(Beginning of ENTRIES SUPPLIED)

lemma D1_D2_disjoint: "D1 \<inter> D2 = {}"
proof -
  have "D1 \<noteq> D2"
    using rank_D1_D2 rank_circuit[OF circuit_D1] card_D1_ge_2 by auto
  then obtain v where v: "v \<in> D2" "v \<notin> D1"
    using circuits_incomparable[OF circuit_D2 circuit_D1] by blast
  obtain I where I: "indep M I" "D2 - {v} \<subseteq> I" "I \<subseteq> D1 \<union> D2" "card I = card D1 + card D2 - 2"
    using indep_extend_to_rank[OF circuit_minus_indep[OF circuit_D2 v(1)], of "D1 \<union> D2"] rank_D1_D2
    by auto
  have "v \<notin> I"
    using notin_indep_if_circuit_minus_subset[OF circuit_D2 I(2,1)] .
  obtain z where z: "z \<in> D1" "z \<notin> I"
    using circuit_subset_dep[OF circuit_D1] I(1) by blast
  have "I \<subseteq> (D1 \<union> D2) - {v, z}"
    using I(3) z(2) \<open>v \<notin> I\<close> by blast
  then have "card I \<le> card ((D1 \<union> D2) - {v, z})"
    using finite_D1 finite_D2 by (intro card_mono) auto
  also have "\<dots> = card (D1 \<union> D2) - 2"
  proof -
    have "v \<noteq> z"
      using v z by blast
    then have "card {v, z} = 2"
      by simp
    then show ?thesis
      using v z finite_D1 finite_D2 by (subst card_Diff_subset) auto
  qed
  finally have "card (D1 \<inter> D2) = 0"
    using I(4) card_Un_Int[OF finite_D1 finite_D2] card_D1_ge_2 card_D2_ge_2 by arith
  then show ?thesis
    using finite_D1 by simp
qed

lemma card_delete_one_each:
  assumes "z \<in> D1" "w \<in> D2"
  shows "card ((D1 - {z}) \<union> (D2 - {w})) = card D1 + card D2 - 2"
proof -
  have "card ((D1 - {z}) \<union> (D2 - {w})) = card (D1 - {z}) + card (D2 - {w})"
    using D1_D2_disjoint finite_D1 finite_D2 by (intro card_Un_disjoint) auto
  then show ?thesis
    using assms finite_D1 finite_D2 card_D1_ge_2 card_D2_ge_2 by simp
qed

lemma indep_delete_one_each_some:
  assumes z: "z \<in> D1"
  shows "\<exists>w \<in> D2. indep M ((D1 - {z}) \<union> (D2 - {w}))"
proof -
  obtain I where I: "indep M I" "D1 - {z} \<subseteq> I" "I \<subseteq> D1 \<union> D2" "card I = card D1 + card D2 - 2"
    using indep_extend_to_rank[OF circuit_minus_indep[OF circuit_D1 z], of "D1 \<union> D2"] rank_D1_D2
    by auto
  have "z \<notin> I"
    using notin_indep_if_circuit_minus_subset[OF circuit_D1 I(2,1)] .
  obtain w where w: "w \<in> D2" "w \<notin> I"
    using circuit_subset_dep[OF circuit_D2] I(1) by blast
  have "I \<subseteq> (D1 - {z}) \<union> (D2 - {w})"
    using I(3) w(2) \<open>z \<notin> I\<close> by blast
  then have "I = (D1 - {z}) \<union> (D2 - {w})"
    using card_subset_eq finite_D1 finite_D2 I(4) card_delete_one_each[OF z w(1)]
    by (metis finite_Diff finite_UnI)
  then show ?thesis
    using I(1) w(1) by blast
qed
(* Let $M$ be a connected molecular graph (i.e. a connected simple graph with maximum vertex degree at most $4$) with $n\geq 3$ vertices, and let $G\cong L(M)$ be its line graph. Then $GA(G)>ABC(G)$.
   Context: All graphs are finite, simple and undirected. For a graph $G$ with vertex degrees $d_i$ (degree of vertex $v_i$), the first geometric-arithmetic index is $GA(G)=\sum_{v_iv_j\in E(G)}\frac{2\sqrt{d_id_j}}{d_i+d_j}$ and the atom-bond connectivity index is $ABC(G)=\sum_{v_iv_j\in E(G)}\sqrt{\frac{d_i+d_j-2}{d_id_j}}$. The line graph $L(M)$ has vertex set $E(M)$, two vertices being adjacent iff the corresponding edges of $M$ share an endpoint. *)

theory Defs
  imports Complex_Main
begin

definition simple_graph :: "'a set \<Rightarrow> 'a set set \<Rightarrow> bool" where
  "simple_graph V E \<longleftrightarrow> finite V \<and>
     (\<forall>e\<in>E. \<exists>u v. u \<in> V \<and> v \<in> V \<and> u \<noteq> v \<and> e = {u, v})"

definition degree :: "'a set set \<Rightarrow> 'a \<Rightarrow> nat" where
  "degree E v = card {e \<in> E. v \<in> e}"

definition adjacent :: "'a set set \<Rightarrow> 'a \<Rightarrow> 'a \<Rightarrow> bool" where
  "adjacent E u v \<longleftrightarrow> {u, v} \<in> E"

definition connected_graph :: "'a set \<Rightarrow> 'a set set \<Rightarrow> bool" where
  "connected_graph V E \<longleftrightarrow> V \<noteq> {} \<and> (\<forall>u\<in>V. \<forall>v\<in>V. (adjacent E)\<^sup>*\<^sup>* u v)"

definition molecular_graph :: "'a set \<Rightarrow> 'a set set \<Rightarrow> bool" where
  "molecular_graph V E \<longleftrightarrow> simple_graph V E \<and> connected_graph V E \<and>
     (\<forall>v\<in>V. degree E v \<le> 4)"

definition line_graph_vertices :: "'a set set \<Rightarrow> 'a set set" where
  "line_graph_vertices E = E"

definition line_graph_edges :: "'a set set \<Rightarrow> 'a set set set" where
  "line_graph_edges E = {{e, f} | e f. e \<in> E \<and> f \<in> E \<and> e \<noteq> f \<and> e \<inter> f \<noteq> {}}"

text \<open>For an edge e = {v_i, v_j} we have d_i d_j = prod over e of degrees and
  d_i + d_j = sum over e of degrees.\<close>
definition GA_index :: "'a set set \<Rightarrow> real" where
  "GA_index E = (\<Sum>e\<in>E. 2 * sqrt (\<Prod>x\<in>e. real (degree E x)) / (\<Sum>x\<in>e. real (degree E x)))"
lemma prefix_suffix_minima_concentrated:
  fixes d :: real
  assumes "0 < d"
  shows "(\<lambda>n. perm_prob n (\<lambda>t.
      d * ln (real n) \<le> \<bar>real (card (prefix_minima t n)) - ln (real n)\<bar> \<or>
      d * ln (real n) \<le> \<bar>real (card (suffix_minima t n)) - ln (real n)\<bar>)) \<longlonglongrightarrow> 0"
proof (rule tendsto_sandwich[OF _ _ tendsto_const])
  let ?devL = "\<lambda>n t. d * ln (real n) \<le> \<bar>real (card (prefix_minima t n)) - ln (real n)\<bar>"
  let ?devR = "\<lambda>n t. d * ln (real n) \<le> \<bar>real (card (suffix_minima t n)) - ln (real n)\<bar>"
  show "(\<lambda>n. perm_prob n (?devL n) + perm_prob n (?devR n)) \<longlonglongrightarrow> 0"
    using tendsto_add[OF pochhammer_statistic_concentrated[OF sum_pow_card_prefix_minima assms]
        pochhammer_statistic_concentrated[OF sum_pow_card_suffix_minima assms]] by simp
  show "eventually (\<lambda>n. perm_prob n (\<lambda>t. ?devL n t \<or> ?devR n t)
      \<le> perm_prob n (?devL n) + perm_prob n (?devR n)) sequentially"
    by (simp add: perm_prob_disj_le)
qed (simp add: perm_prob_nonneg)

lemma greedy_steps_bounds:
  fixes d :: real
  assumes "inj_on tau {1..n}" "n \<ge> 1" "1 \<le> d * ln (real n)"
    and "\<bar>real (card (prefix_minima tau n)) - ln (real n)\<bar> < d * ln (real n)"
    and "\<bar>real (card (suffix_minima tau n)) - ln (real n)\<bar> < d * ln (real n)"
  shows "(2 - 4 * d) * ln (real n) \<le> real (greedy_steps tau n) \<and>
    real (greedy_steps tau n) \<le> (2 + 4 * d) * ln (real n)"
proof -
  let ?L = "real (card (prefix_minima tau n))" and ?R = "real (card (suffix_minima tau n))"
  have "real (greedy_steps tau n) + 2 = ?L + ?R"
    using greedy_steps_eq_card_minima[OF assms(1,2)] by linarith
  moreover have "2 * ln (real n) - 2 * (d * ln (real n)) < ?L + ?R"
    "?L + ?R < 2 * ln (real n) + 2 * (d * ln (real n))"
    using assms(4,5) unfolding abs_less_iff by linarith+
  moreover have "(2 - 4 * d) * ln (real n) = 2 * ln (real n) - 4 * (d * ln (real n))"
    "(2 + 4 * d) * ln (real n) = 2 * ln (real n) + 4 * (d * ln (real n))"
    by (simp_all add: algebra_simps)
  ultimately show ?thesis using assms(3) by (intro conjI; linarith)
qed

(End of ENTRIES SUPPLIED)

**REQUIRED ACTION**
Return a word-for-word copy of the lines above from the one holding "using finite_D1 finite_D2" through the one holding "(* Let $M$ be", with both of them included and nothing besides.

**RESULT**
    using finite_D1 finite_D2 by (intro card_mono) auto
  also have "\<dots> = card (D1 \<union> D2) - 2"
  proof -
    have "v \<noteq> z"
      using v z by blast
    then have "card {v, z} = 2"
      by simp
    then show ?thesis
      using v z finite_D1 finite_D2 by (subst card_Diff_subset) auto
  qed
  finally have "card (D1 \<inter> D2) = 0"
    using I(4) card_Un_Int[OF finite_D1 finite_D2] card_D1_ge_2 card_D2_ge_2 by arith
  then show ?thesis
    using finite_D1 by simp
qed

lemma card_delete_one_each:
  assumes "z \<in> D1" "w \<in> D2"
  shows "card ((D1 - {z}) \<union> (D2 - {w})) = card D1 + card D2 - 2"
proof -
  have "card ((D1 - {z}) \<union> (D2 - {w})) = card (D1 - {z}) + card (D2 - {w})"
    using D1_D2_disjoint finite_D1 finite_D2 by (intro card_Un_disjoint) auto
  then show ?thesis
    using assms finite_D1 finite_D2 card_D1_ge_2 card_D2_ge_2 by simp
qed

lemma indep_delete_one_each_some:
  assumes z: "z \<in> D1"
  shows "\<exists>w \<in> D2. indep M ((D1 - {z}) \<union> (D2 - {w}))"
proof -
  obtain I where I: "indep M I" "D1 - {z} \<subseteq> I" "I \<subseteq> D1 \<union> D2" "card I = card D1 + card D2 - 2"
    using indep_extend_to_rank[OF circuit_minus_indep[OF circuit_D1 z], of "D1 \<union> D2"] rank_D1_D2
    by auto
  have "z \<notin> I"
    using notin_indep_if_circuit_minus_subset[OF circuit_D1 I(2,1)] .
  obtain w where w: "w \<in> D2" "w \<notin> I"
    using circuit_subset_dep[OF circuit_D2] I(1) by blast
  have "I \<subseteq> (D1 - {z}) \<union> (D2 - {w})"
    using I(3) w(2) \<open>z \<notin> I\<close> by blast
  then have "I = (D1 - {z}) \<union> (D2 - {w})"
    using card_subset_eq finite_D1 finite_D2 I(4) card_delete_one_each[OF z w(1)]
    by (metis finite_Diff finite_UnI)
  then show ?thesis
    using I(1) w(1) by blast
qed
(* Let $M$ be a connected molecular graph (i.e. a connected simple graph with maximum vertex degree at most $4$) with $n\geq 3$ vertices, and let $G\cong L(M)$ be its line graph. Then $GA(G)>ABC(G)$.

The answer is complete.